Of course, the two films are very different. Jesus’ Son has its intense moments, but its overall mood is comic and close to pastoral, its druggy antihero being a sort of holy fool who wanders among the damned but never comes to serious harm. There’s almost no desperation to his addiction and he floats through the world in a hazy state of grace. By contrast, Requiem’s users are all doomed to some horrible fate, each of which seems wildly out of proportion to their sins. They’re debased, mutilated and driven insane — heavy punishments for being weak.
Neither of these films could be called realistic. With Jesus’ Son it’s a matter of tonal coherence — its protagonist must remain a vaporish presence floating through the harsh world of peeling paint and scuzzy Laundromats in order to maintain the movie’s whimsical mood. It’s like a ghost story, told from the ghost’s point of view. And Requiem is true to the vision of Hubert Selby Jr., who’s about as realistic as Hieronymus Bosch. Selby’s characters live in a recognizably cold and indifferent world, but he has a sadistic zeal when it comes to dishing out downfalls. Any impulse he has toward social commentary is overwhelmed by his taste for Grand Guignol, and when the ax falls he makes sure that some of the blood spurts into the audience. But it’s a world which has its own logic and one can believe, at least for the film’s duration, that a woman would actually be given electroshock therapy as a cure for addiction to diet pills.

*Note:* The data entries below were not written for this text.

text \<open>Either all top eigenvalues of \<open>D'\<close> stay above \<open>\<gamma>/2\<close> in absolute value, and then the
  columns of \<open>V'\<close> lie almost in the column space of \<open>V\<close>; or one of them falls below, and then the
  remaining spectrum of \<open>D'\<close> is separated by \<open>\<gamma>/2\<close> from the spectrum of \<open>D\<close> on the columns of \<open>V\<close>.\<close>
theorem top_abs_eigvecs_sin_theta_bound:
  fixes D D' :: "real^'t^'t" and V V' :: "real^'k^'t"
  assumes sym: "transpose D = D" and sym': "transpose D' = D'" and rank: "rank D = CARD('k)"
    and top: "top_abs_eigvecs D V" and top': "top_abs_eigvecs D' V'"
  shows "(min_nonzero_abs_eig D)^2 * (real CARD('k) - norm (transpose V' ** V)^2) \<le> 4 * norm (D' - D)^2"
proof -
  define \<gamma> where "\<gamma> = min_nonzero_abs_eig D"
  obtain \<mu> where eig: "\<And>k. D *v column k V = \<mu> k *\<^sub>R column k V" and nz: "\<And>k. \<mu> k \<noteq> 0"
    and kernel: "\<And>x. transpose V *v x = 0 \<Longrightarrow> D *v x = 0"
    using top_abs_eigvecs_full_rank[OF sym rank top] by blast
  have V: "transpose V ** V = mat 1" using top by (simp add: top_abs_eigvecs_def)
  have "column k V \<noteq> 0" for k using isometry_columns_inner[OF V, of k k] by auto
  then have \<gamma>: "0 < \<gamma>" "\<gamma> \<le> \<bar>\<mu> k\<bar>" for k
    using min_nonzero_abs_eig_le[OF sym eig _ nz] by (auto simp: \<gamma>_def)
  obtain \<mu>' :: "real^'k" where V': "transpose V' ** V' = mat 1"
    and eig': "\<And>l. D' *v column l V' = \<mu>' $ l *\<^sub>R column l V'"
    and dom': "\<And>x \<nu> l. x \<noteq> 0 \<Longrightarrow> D' *v x = \<nu> *\<^sub>R x \<Longrightarrow> transpose V' *v x = 0 \<Longrightarrow> \<bar>\<nu>\<bar> \<le> \<bar>\<mu>' $ l\<bar>"
    using top' unfolding top_abs_eigvecs_def transpose_matrix_vector_eq_0_iff by metis
  show ?thesis
  proof (cases "\<forall>l. \<gamma> \<le> 2 * \<bar>\<mu>' $ l\<bar>")
    case True
    have "norm (transpose V' ** V) = norm (transpose V ** V')"
      by (metis norm_transpose matrix_transpose_mul transpose_transpose)
    then show ?thesis
      using sin_theta_bound_large_eigenvalues[OF sym V kernel V' eig'] True \<gamma>(1)
      by (simp add: \<gamma>_def)
  next
    case False
    then obtain l where "2 * \<bar>\<mu>' $ l\<bar> < \<gamma>" by (auto simp: not_le)
    then have "2 * \<bar>\<nu>\<bar> \<le> \<gamma>"
      if "x \<noteq> 0" "D' *v x = \<nu> *\<^sub>R x" "transpose V' *v x = 0" for x \<nu>
      using dom'[OF that, of l] by linarith
    from sin_theta_bound_small_eigenvalues[OF sym' V' eig' this V eig] show ?thesis
      using \<gamma> by (simp add: \<gamma>_def)
  qed
qed

section \<open>Distance matrices\<close>

lemma dist_matrix_symmetric: "transpose (dist_matrix P) = dist_matrix P"
  by (simp add: dist_matrix_def transpose_def vec_eq_iff frob_norm_eq_norm norm_minus_commute)

lemma norm_dist_matrix_diff_sq_le:
  fixes P P' :: "'t::finite \<Rightarrow> real^'n^'n"
  shows "norm (dist_matrix P' - dist_matrix P)^2 \<le> 4 * real CARD('t) * (\<Sum>i\<in>UNIV. norm (P' i - P i)^2)"
proof -
  define a where "a i = norm (P' i - P i)" for i
  have "((dist_matrix P' - dist_matrix P) $ i $ j)^2 \<le> 2 * (a i)^2 + 2 * (a j)^2" for i j
  proof -
    have "\<bar>norm (P' i - P' j) - norm (P i - P j)\<bar> \<le> norm ((P' i - P' j) - (P i - P j))"
      by (rule norm_triangle_ineq3)
    also have "\<dots> = norm ((P' i - P i) - (P' j - P j))" by (simp add: algebra_simps)
    also have "\<dots> \<le> a i + a j" unfolding a_def by (rule norm_triangle_ineq4)
    finally have "\<bar>(dist_matrix P' - dist_matrix P) $ i $ j\<bar> \<le> a i + a j"
      by (simp add: dist_matrix_def frob_norm_eq_norm)
    from power_mono[OF this abs_ge_zero, of 2]
    have "((dist_matrix P' - dist_matrix P) $ i $ j)^2 \<le> (a i + a j)^2" by simp
    also have "\<dots> \<le> 2 * (a i)^2 + 2 * (a j)^2"
      using zero_le_power2[of "a i - a j"] unfolding power2_diff power2_sum by linarith
    finally show ?thesis .
  qed
  then have "norm (dist_matrix P' - dist_matrix P)^2 \<le> (\<Sum>i\<in>UNIV. \<Sum>j\<in>UNIV. 2 * (a i)^2 + 2 * (a j)^2)"
    unfolding norm_matrix_sq_entries by (intro sum_mono)
  also have "\<dots> = 4 * real CARD('t) * (\<Sum>i\<in>UNIV. (a i)^2)"
    by (simp add: sum.distrib sum_distrib_left[symmetric] algebra_simps)
  finally show ?thesis by (simp add: a_def)
qed

lemma min_nonzero_abs_eig_pos:
  fixes D :: "real^'t^'t" and V :: "real^'k^'t"
  assumes "transpose D = D" "rank D = CARD('k)" "top_abs_eigvecs D V"
  shows "0 < min_nonzero_abs_eig D"
proof -
  obtain \<mu> where eig: "\<And>k. D *v column k V = \<mu> k *\<^sub>R column k V" and nz: "\<And>k. \<mu> k \<noteq> 0"
    using top_abs_eigvecs_full_rank[OF assms] by metis
  fix k :: 'k
  have "transpose V ** V = mat 1" using assms(3) by (simp add: top_abs_eigvecs_def)
  then have "column k V \<noteq> 0" using isometry_columns_inner[of V k k] by auto
  then show ?thesis by (rule min_nonzero_abs_eig_le(1)[OF assms(1) eig _ nz])
qed

theorem dist_matrix_top_abs_eigvecs_perturbation:
  fixes P P' :: "'t::finite \<Rightarrow> real^'n^'n" and V V' :: "real^'k^'t"
  assumes rank: "rank (dist_matrix P) = CARD('k)"
    and top: "top_abs_eigvecs (dist_matrix P) V" and top': "top_abs_eigvecs (dist_matrix P') V'"
  obtains Q where "orthogonal_matrix Q" "norm (V' ** Q - V)^2
    \<le> 32 * real CARD('t) * (\<Sum>i\<in>UNIV. norm (P' i - P i)^2) / (min_nonzero_abs_eig (dist_matrix P))^2"
proof -
  define \<gamma> where "\<gamma> = min_nonzero_abs_eig (dist_matrix P)"
  have \<gamma>: "0 < \<gamma>" unfolding \<gamma>_def using dist_matrix_symmetric rank top by (rule min_nonzero_abs_eig_pos)
  have "transpose V' ** V' = mat 1" "transpose V ** V = mat 1"
    using top top' by (simp_all add: top_abs_eigvecs_def)
  then obtain Q where Q: "orthogonal_matrix Q"
      "norm (V' ** Q - V)^2 \<le> 2 * (real CARD('k) - norm (transpose V' ** V)^2)"
    by (rule procrustes_bound)
  have "\<gamma>^2 * norm (V' ** Q - V)^2 \<le> 2 * (\<gamma>^2 * (real CARD('k) - norm (transpose V' ** V)^2))"
    using mult_left_mono[OF Q(2), of "\<gamma>^2"] by (simp add: algebra_simps)
  also have "\<dots> \<le> 8 * norm (dist_matrix P' - dist_matrix P)^2"
    using top_abs_eigvecs_sin_theta_bound[OF dist_matrix_symmetric dist_matrix_symmetric rank top top']
    by (simp add: \<gamma>_def)
  also have "\<dots> \<le> 32 * real CARD('t) * (\<Sum>i\<in>UNIV. norm (P' i - P i)^2)"
    using norm_dist_matrix_diff_sq_le[of P' P] by simp
  finally have "\<gamma>^2 * norm (V' ** Q - V)^2 \<le> 32 * real CARD('t) * (\<Sum>i\<in>UNIV. norm (P' i - P i)^2)" .
  then show thesis using Q(1) \<gamma> by (intro that) (simp_all add: \<gamma>_def pos_le_divide_eq mult.commute)
qed

section \<open>Estimated networks\<close>

lemma scaled_bound_le_Max:
  fixes C :: "'i::finite \<Rightarrow> real"
  assumes "r / s \<le> C i * x" "0 < s" "0 \<le> x"
  shows "r \<le> s * (Max (range C) * x)"
proof -
  have "r \<le> s * (C i * x)" using assms(1,2) by (simp add: pos_divide_le_eq mult.commute)
  also have "\<dots> \<le> s * (Max (range C) * x)"
    using assms(2,3) by (intro mult_left_mono mult_right_mono Max_ge) auto
  finally show ?thesis .
qed

lemma dist_matrix_top_abs_eigvecs_uniform_bound:
  fixes P P' :: "'t::finite \<Rightarrow> real^'n^'n" and V V' :: "real^'k^'t" and C :: "'t \<Rightarrow> real"
  assumes "rank (dist_matrix P) = CARD('k)" "top_abs_eigvecs (dist_matrix P) V"
    "top_abs_eigvecs (dist_matrix P') V'"
    and close: "\<And>i. norm (P' i - P i)^2 / s \<le> C i * x" and "0 < s" "0 \<le> x"
  obtains Q where "orthogonal_matrix Q" "norm (V' ** Q - V)^2
    \<le> 32 * real CARD('t)^2 * (s * (Max (range C) * x)) / (min_nonzero_abs_eig (dist_matrix P))^2"
proof -
  define c where "c = s * (Max (range C) * x)"
  obtain Q where "orthogonal_matrix Q" and Q: "norm (V' ** Q - V)^2
      \<le> 32 * real CARD('t) * (\<Sum>i\<in>UNIV. norm (P' i - P i)^2) / (min_nonzero_abs_eig (dist_matrix P))^2"
    using dist_matrix_top_abs_eigvecs_perturbation[OF assms(1-3)] by blast
  moreover have "norm (P' i - P i)^2 \<le> c" for i
    using scaled_bound_le_Max[where C = C and i = i, OF close[of i] assms(5,6)] by (simp add: c_def)
  then have "(\<Sum>i\<in>UNIV. norm (P' i - P i)^2) \<le> real CARD('t) * c"
    using sum_mono[of UNIV "\<lambda>i. norm (P' i - P i)^2" "\<lambda>_. c"] by simp
  then have "32 * real CARD('t) * (\<Sum>i\<in>UNIV. norm (P' i - P i)^2) / (min_nonzero_abs_eig (dist_matrix P))^2
      \<le> 32 * real CARD('t)^2 * c / (min_nonzero_abs_eig (dist_matrix P))^2"
    by (intro divide_right_mono) (simp_all add: power2_eq_square)
  ultimately show thesis by (intro that) (auto simp: c_def)
qed

lemma nn_integral_divide_le_imp:
  assumes "f \<in> borel_measurable M" "0 < s" "(\<integral>\<^sup>+x. ennreal (f x / s) \<partial>M) \<le> ennreal b"
  shows "(\<integral>\<^sup>+x. ennreal (f x) \<partial>M) \<le> ennreal (s * b)"
proof -
  have "(\<integral>\<^sup>+x. ennreal (f x) \<partial>M) = (\<integral>\<^sup>+x. ennreal s * ennreal (f x / s) \<partial>M)"
    using assms(2) by (simp flip: ennreal_mult')
  also have "\<dots> = ennreal s * (\<integral>\<^sup>+x. ennreal (f x / s) \<partial>M)"
    using assms(1) by (simp add: nn_integral_cmult)
  also have "\<dots> \<le> ennreal (s * b)"
    using assms(2,3) by (simp add: ennreal_mult' mult_left_mono)
  finally show ?thesis .
qed

lemma nn_integral_scaled_bound_le_Max:
  fixes C :: "'i::finite \<Rightarrow> real"
  assumes "f \<in> borel_measurable M" "(\<integral>\<^sup>+\<omega>. ennreal (f \<omega> / s) \<partial>M) \<le> ennreal (C i * x)"
    and s: "0 < s" and x: "0 \<le> x"
  shows "(\<integral>\<^sup>+\<omega>. ennreal (f \<omega>) \<partial>M) \<le> ennreal (s * (Max (range C) * x))"
proof -
  have "(\<integral>\<^sup>+\<omega>. ennreal (f \<omega>) \<partial>M) \<le> ennreal (s * (C i * x))"
    using assms(1) s assms(2) by (rule nn_integral_divide_le_imp)
  also have "\<dots> \<le> ennreal (s * (Max (range C) * x))"
    using scaled_bound_le_Max[of "s * (C i * x)" s C i x] s x by (intro ennreal_leI) simp
  finally show ?thesis .
qed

But even if they’re skewed away from naturalism, the two films deal with drug addiction with an explicitness that was a long time coming. Drug addicts could occasionally be spotted on the fringes of noir (though, as with homosexuals, you had to be able to interpret the signs), but they didn’t begin to take center stage in American movies until the ’50s, the landmark film being Otto Preminger’s The Man with the Golden Arm (1955). This was a sanitized version of Nelson Algren’s novel (Algren hated the film), but it did have an effective sequence with Frank Sinatra as a strung-out jazz musician going cold turkey. Getting high couldn’t be shown, but paying for it could be spelled out plainly. The movie outraged all the usual suspects, but when the sky didn’t fall in it was clear that heroin addiction could be a viable subgenre of the sort of melodramatic realism so popular in post-Marty Hollywood — hence two small gems, Andre de Toth’s Monkey on My Back and Fred Zimmerman’s A Hatful of Rain (both 1957).
Those two movies were based on the then startling premise that drug addiction could happen to anybody. After that revelation, one had to wait until 1971’s Panic in Needle Park for a decent heroin flick. By then attitudes had changed to the point where Panic’s nonjudgmental sadness seemed an appropriate approach. But the film was little seen and stories of heroin were soon out of fashion, though addicts would occasionally appear in blaxploitation film, grim losers in stark contrast to the snorters of the benign coke.
So Jesus and Requiem represent a kind of heroin movie renaissance (with Traffic waiting in the wings), the attitude toward junkies now being a bit more varied. There’s a greater realization now that anybody can fall off the face of the Earth, though some people’s falls are more frightening than others — shameful and weird but somehow close to home. Everybody has a taste for transcendence, but only an unlucky minority get involved with a sacrament that will almost certainly kill them.